lemma place_Suc_gt:
  assumes "Suc N \<le> m"
  shows "place N < place (Suc N)"
proof (cases "ltr_max p (Suc N)")
  case True
  then show ?thesis using assms gap_ge[of "ltr_rank p (Suc N)"] by simp
next
  case False
  then have "place N + 1 \<le> place (Suc N)" by simp
  then show ?thesis by simp
qed

lemma place_strict_mono: "i < j \<Longrightarrow> j \<le> m \<Longrightarrow> place i < place j"
proof (induction j)
  case (Suc j)
  then show ?case using place_Suc_gt[of j] by (cases "i = j") auto
qed simp

lemma place_mono: "i \<le> j \<Longrightarrow> j \<le> m \<Longrightarrow> place i \<le> place j"
  using place_strict_mono by (cases "i = j") (auto intro: less_imp_le)

lemma place_less_iff: "i \<le> m \<Longrightarrow> j \<le> m \<Longrightarrow> place i < place j \<longleftrightarrow> i < j"
  using place_strict_mono by (metis less_asym linorder_neqE_nat)

lemma place_lower_ge:
  assumes "1 \<le> i" "i \<le> N" "ltr_max p i" "\<not> ltr_max p (Suc N)" "p i < p (Suc N)"
  shows "place i + K \<le> place (Suc N)"
  using assms by (auto intro!: Max_ge)

lemma place_lower_cases:
  assumes "\<not> ltr_max p (Suc N)"
  obtains (step) "place (Suc N) = place N + 1"
  | (jump) i where "1 \<le> i" "i \<le> N" "ltr_max p i" "p i < p (Suc N)" "place (Suc N) = place i + K"
proof -
  let ?S = "insert (place N + 1)
             ((\<lambda>i. place i + K) ` {i. 1 \<le> i \<and> i \<le> N \<and> ltr_max p i \<and> p i < p (Suc N)})"
  have "Max ?S \<in> ?S" by (intro Max_in) auto
  with assms that show ?thesis by auto
qed

text \<open>Any position before a maximum i, advanced by the gap of a rank at least that
  of i, is still no further than i itself, because i was placed a full gap beyond its
  predecessor.\<close>
lemma place_before_max:
  assumes "i' < i" "i \<le> M" "M \<le> m" "ltr_max p i"
  shows "place i' + gap (ltr_rank p M) \<le> place i"
proof -
  have "place i' \<le> place (i - 1)" using assms by (intro place_mono) auto
  moreover have "place (i - 1) + gap (ltr_rank p i) = place i"
    using assms by (cases i) auto
  moreover have "gap (ltr_rank p M) \<le> gap (ltr_rank p i)"
    using assms by (intro gap_antimono ltr_rank_mono)
  ultimately show ?thesis by simp
qed

text \<open>Maxima consume their gap from the halving budget, steps of
  non-maxima consume one unit of the slack N, and a jump beyond a smaller maximum
  i' < i stays below X i + K because the gap in front of i outweighs the budget.\<close>
lemma place_slack:
  assumes K: "gap 1 \<le> K" and N: "N \<le> m"
    and i: "1 \<le> i" "i \<le> N" "ltr_max p i"
    and dominated: "\<forall>l. i < l \<and> l \<le> N \<and> \<not> ltr_max p l \<longrightarrow> p l < p i"
  shows "place N + gap (ltr_rank p N) < place i + K + int N"
  using N i(2) dominated
proof (induction N)
  case 0
  with i show ?case by simp
next
  case (Suc N)
  consider (new) "i = Suc N" | (old) "i \<le> N" using Suc.prems(2) by linarith
  then show ?case
  proof cases
    case new
    with i have "ltr_rank p (Suc N) = Suc (ltr_rank p N)" by (simp add: ltr_rank_Suc)
    then have "gap (ltr_rank p (Suc N)) \<le> gap 1" by (simp add: gap_antimono)
    with new K show ?thesis by simp
  next
    case old
    have IH: "place N + gap (ltr_rank p N) < place i + K + int N"
      using Suc old by simp
    show ?thesis
    proof (cases "ltr_max p (Suc N)")
      case True
      then have "Suc (ltr_rank p N) \<le> ltr_rank p m"
        using ltr_rank_mono[OF Suc.prems(1), of p] by (simp add: ltr_rank_Suc)
      then have "gap (ltr_rank p N) = 2 * gap (ltr_rank p (Suc N))"
        using True by (simp add: ltr_rank_Suc gap_halves)
      with True IH show ?thesis by simp
    next
      case lower: False
      then have rank: "ltr_rank p (Suc N) = ltr_rank p N" by (simp add: ltr_rank_Suc)
      have below: "p (Suc N) < p i" using Suc.prems(3) old lower by simp
      from lower show ?thesis
      proof (cases rule: place_lower_cases)
        case step
        with IH rank show ?thesis by simp
      next
        case (jump i')
        have "i' < i" using ltr_max_index_less[OF jump(3)] jump(4) below i(1) by simp
        then have "place i' + gap (ltr_rank p (Suc N)) \<le> place i"
          using Suc.prems(1,2) i(3) by (intro place_before_max) auto
        with jump(5) show ?thesis by simp
      qed
    qed
  qed
qed

lemma place_separates:
  assumes "inj p" "\<not> perm_contains m p 3 pat321" and K: "gap 1 \<le> K"
    and "1 \<le> i" "i < j" "j \<le> m" "ltr_max p i" "\<not> ltr_max p j"
  shows "place j - place i < K \<longleftrightarrow> p j < p i"
proof
  assume "p j < p i"
  with assms have "\<forall>l. i < l \<and> l \<le> j \<and> \<not> ltr_max p l \<longrightarrow> p l < p i"
    using non_ltr_max_increasing[OF assms(1,2), of _ j] by (metis le_less less_trans)
  then have "place j + gap (ltr_rank p j) < place i + K + int j"
    using assms by (intro place_slack) auto
  moreover have "int j \<le> gap (ltr_rank p j)" using gap_ge[of "ltr_rank p j"] assms by simp
  ultimately show "place j - place i < K" by simp
next
  assume close: "place j - place i < K"
  show "p j < p i"
  proof (rule ccontr)
    assume "\<not> p j < p i"
    with assms have "p i < p j" by (metis injD linorder_neqE_nat)
    then have "place i + K \<le> place (Suc (j - 1))"
      using assms by (intro place_lower_ge) auto
    with close assms show False by simp
  qed
qed

end


lemma le_div_iff_mult_le_int: "0 < (n::int) \<Longrightarrow> k \<le> D div n \<longleftrightarrow> k * n \<le> D"
  by (smt (verit) minus_div_mult_eq_mod nonzero_mult_div_cancel_right pos_mod_sign zdiv_mono1)

lemma less_ceiling_div_iff: "0 < (n::int) \<Longrightarrow> d * n < D \<longleftrightarrow> d < (D + n - 1) div n"
  using le_div_iff_mult_le_int[of n "d + 1" "D + n - 1"] by (simp add: algebra_simps) linarith

lemma affine_shift:
  assumes "\<forall>i. w (i + int n) = w i + int n"
  shows "w (c + k * int n) = w c + k * int n"
proof (induction k rule: int_induct[where k = 0])
  case (step1 i)
  then show ?case using assms[rule_format, of "c + i * int n"] by (simp add: algebra_simps)
next
  case (step2 i)
  then show ?case using assms[rule_format, of "c + (i - 1) * int n"] by (simp add: algebra_simps)
qed simp

text \<open>Let x and y lie within distance n of each other and let
  K be the number of periods by which w x exceeds w y, rounded up.  The translates
  x + k n and y + k n form two increasing chains in w, and w (y + k' n) < w (x + k n)
  holds exactly when k' - k < K.  Putting the maxima of p on the x-chain and the
  other entries on the y-chain, at the periods given by the placement, yields an
  occurrence of p as soon as K is at least gap 1.\<close>
lemma realise_pattern:
  fixes w :: "int \<Rightarrow> int" and x y :: int
  assumes p: "inj p" "\<not> perm_contains m p 3 pat321" "1 \<le> m"
    and shift: "\<forall>i. w (i + int n) = w i + int n" and "inj w"
    and "x \<noteq> y" "\<bar>x - y\<bar> < int n"
    and K: "gap p m 1 \<le> (w x - w y + int n - 1) div int n"
  shows "affine_contains w m p"
proof -
  define K where "K = (w x - w y + int n - 1) div int n"
  define X where "X = place p m K"
  define base where "base j = (if ltr_max p j then x else y)" for j
  define idx where "idx j = base j + X j * int n" for j
  have n: "0 < int n" using \<open>\<bar>x - y\<bar> < int n\<close> by linarith
  have "0 < K" using K gap_ge[of m p 1] p(3) unfolding K_def by linarith
  have w_idx: "w (idx j) = w (base j) + X j * int n" for j
    unfolding idx_def using affine_shift[OF shift] .
  have X_less: "X a < X b \<longleftrightarrow> a < b" if "a \<in> {1..m}" "b \<in> {1..m}" for a b
    using that place_less_iff unfolding X_def by simp
  have idx_less: "idx a < idx b" if "a \<in> {1..m}" "b \<in> {1..m}" "a < b" for a b
  proof -
    have "X a < X b" using that X_less by blast
    then have "(X a + 1) * int n \<le> X b * int n"
      using n by (intro mult_right_mono) auto
    then show ?thesis
      unfolding idx_def base_def using \<open>\<bar>x - y\<bar> < int n\<close> by (simp add: algebra_simps) linarith
  qed
  have cross: "w (idx b) < w (idx a) \<longleftrightarrow> p b < p a"
    if ab: "a \<in> {1..m}" "b \<in> {1..m}" "ltr_max p a" "\<not> ltr_max p b" for a b
  proof -
    have "w (idx b) < w (idx a) \<longleftrightarrow> (X b - X a) * int n < w x - w y"
      unfolding w_idx base_def using ab by (simp add: algebra_simps)
    also have "\<dots> \<longleftrightarrow> X b - X a < K"
      unfolding K_def using less_ceiling_div_iff[OF n] by simp
    also have "\<dots> \<longleftrightarrow> p b < p a"
    proof (cases "a < b")
      case True
      then show ?thesis
        using place_separates[OF p(1,2)] K ab unfolding X_def K_def by auto
    next
      case False
      then have "b < a" using ab by (metis linorder_neqE_nat)
      then have "X b < X a" "p b < p a" using X_less ab unfolding ltr_max_def by auto
      then show ?thesis using \<open>0 < K\<close> by simp
    qed
    finally show ?thesis .
  qed
  show ?thesis
    unfolding affine_contains_def
  proof (intro exI[of _ idx] conjI ballI)
    show "strict_mono_on {1..m} idx"
      using idx_less by (auto simp: strict_mono_on_def)
  next
    fix a b assume ab: "a \<in> {1..m}" "b \<in> {1..m}"
    show "w (idx a) < w (idx b) \<longleftrightarrow> p a < p b"
    proof (cases "ltr_max p a \<longleftrightarrow> ltr_max p b")
      case True
      then have "w (idx a) < w (idx b) \<longleftrightarrow> X a < X b"
        unfolding w_idx base_def using n by (auto simp: mult_less_cancel_right)
      with True ab show ?thesis
        using X_less same_kind_order[OF p(1,2)] by simp
    next
      case False
      then have "a \<noteq> b" by auto
      then have "w (idx a) \<noteq> w (idx b)"
        using idx_less ab \<open>inj w\<close> by (metis injD linorder_neqE_nat less_irrefl)
      moreover have "p a \<noteq> p b" using \<open>a \<noteq> b\<close> \<open>inj p\<close> by (metis injD)
      ultimately show ?thesis
        using False cross[of a b] cross[of b a] ab by (cases "ltr_max p a") auto
    qed
  qed
qed
(* Let $N=N(n)\le n$ with $n\to\infty$ and $N/n\to c\in(0,1]$. Let $D>0$, let $\varphi_1,\dots,\varphi_r\in[0,\pi/D]$ be pairwise distinct, $b_n(\varphi)=N^{-1/2}[\exp(-\imath D\ell\varphi)]_{\ell=0}^{N-1}$, $B=[b_n(\varphi_1),\dots,b_n(\varphi_r)]$, $B'=[b_n'(\varphi_1),\dots,b_n'(\varphi_r)]$, $B''=[b_n''(\varphi_1),\dots,b_n''(\varphi_r)]$ (derivatives in $\varphi$), and let $B^\perp$ be the $N\times r$ matrix defined by $\frac1nB'=-\frac{\imath cD}{2}B+\frac{cD}{2\sqrt3}B^\perp$. Let $P_n=BS_n^*$ where $S_n$ is a deterministic $n\times r$ matrix with $\sqrt n(S_n^*S_n-O^2)=\mathcal O(1)$, $O=\operatorname{diag}(\omega_1I_{j_1},\dots,\omega_sI_{j_s})$, $\omega_1>\dots>\omega_s>0$, $\sum j_i=r$, and assume $P_n$ has rank $r$ for $n$ large with SVD $P_n=U_n\Omega_nV_n^*$, $U_n=[u_{1,n},\dots,u_{r,n}]$, $\Omega_n=\operatorname{diag}(\omega_{1,n}\ge\dots\ge\omega_{r,n})\to O$. Write $B=[B_1,\dots,B_s]$ with $B_i$ having $j_i$ columns, let $\Pi_{B_i}$ be the orthogonal projector onto the column space of $B_i$, and $\Pi_i=\sum_{k:\,j_1+\dots+j_{i-1}<k\le j_1+\dots+j_i}u_{k,n}u_{k,n}^*$. Then as $n\to\infty$: $B^*B\to I_r$; $\ n^{-2}B^*B''\to-\frac{c^2D^2}{3}I_r$; $\ (B^\perp)^*B^\perp\to I_r$; $\ (B^\perp)^*B\to0$; and $\|\Pi_i-\Pi_{B_i}\|\to0$ for all $i=1,\dots,s$.
   Context: $\|\cdot\|$ is the spectral norm. *)

theory Defs
  imports "HOL-Analysis.Derivative" "Jordan_Normal_Form.Schur_Decomposition"
begin

text \<open>All indices are 0-based. Matrices are Jordan_Normal_Form matrices over complex.\<close>

definition bent :: "nat \<Rightarrow> real \<Rightarrow> nat \<Rightarrow> real \<Rightarrow> complex" where
  "bent N D l t = exp (- \<i> * complex_of_real (D * real l * t)) / complex_of_real (sqrt (real N))"

definition Bmat :: "nat \<Rightarrow> real \<Rightarrow> nat \<Rightarrow> (nat \<Rightarrow> real) \<Rightarrow> complex mat" where
  "Bmat N D r phi = mat N r (\<lambda>(l,k). bent N D l (phi k))"

definition Bmat' :: "nat \<Rightarrow> real \<Rightarrow> nat \<Rightarrow> (nat \<Rightarrow> real) \<Rightarrow> complex mat" where
  "Bmat' N D r phi = mat N r (\<lambda>(l,k). vector_derivative (bent N D l) (at (phi k)))"

definition Bmat'' :: "nat \<Rightarrow> real \<Rightarrow> nat \<Rightarrow> (nat \<Rightarrow> real) \<Rightarrow> complex mat" where
  "Bmat'' N D r phi = mat N r (\<lambda>(l,k).
      vector_derivative (\<lambda>t. vector_derivative (bent N D l) (at t)) (at (phi k)))"

text \<open>B^perp, defined by (1/n) B' = -(i c D/2) B + (c D/(2 sqrt 3)) B^perp.\<close>
definition Bperp :: "nat \<Rightarrow> nat \<Rightarrow> real \<Rightarrow> real \<Rightarrow> nat \<Rightarrow> (nat \<Rightarrow> real) \<Rightarrow> complex mat" where
  "Bperp n N c D r phi =
     complex_of_real (2 * sqrt 3 / (c * D)) \<cdot>\<^sub>m
       (complex_of_real (1 / real n) \<cdot>\<^sub>m Bmat' N D r phi
        + (\<i> * complex_of_real (c * D / 2)) \<cdot>\<^sub>m Bmat N D r phi)"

============================================================

■ Task directions
Among the lines above, repeat exactly those from the line with "j + gap (ltr_rank" to the line with "(n::int) \<Longrightarrow> d", counting both ends.

■ Exercise response
  then have "place j + gap (ltr_rank p j) < place i + K + int j"
    using assms by (intro place_slack) auto
  moreover have "int j \<le> gap (ltr_rank p j)" using gap_ge[of "ltr_rank p j"] assms by simp
  ultimately show "place j - place i < K" by simp
next
  assume close: "place j - place i < K"
  show "p j < p i"
  proof (rule ccontr)
    assume "\<not> p j < p i"
    with assms have "p i < p j" by (metis injD linorder_neqE_nat)
    then have "place i + K \<le> place (Suc (j - 1))"
      using assms by (intro place_lower_ge) auto
    with close assms show False by simp
  qed
qed

end


lemma le_div_iff_mult_le_int: "0 < (n::int) \<Longrightarrow> k \<le> D div n \<longleftrightarrow> k * n \<le> D"
  by (smt (verit) minus_div_mult_eq_mod nonzero_mult_div_cancel_right pos_mod_sign zdiv_mono1)

lemma less_ceiling_div_iff: "0 < (n::int) \<Longrightarrow> d * n < D \<longleftrightarrow> d < (D + n - 1) div n"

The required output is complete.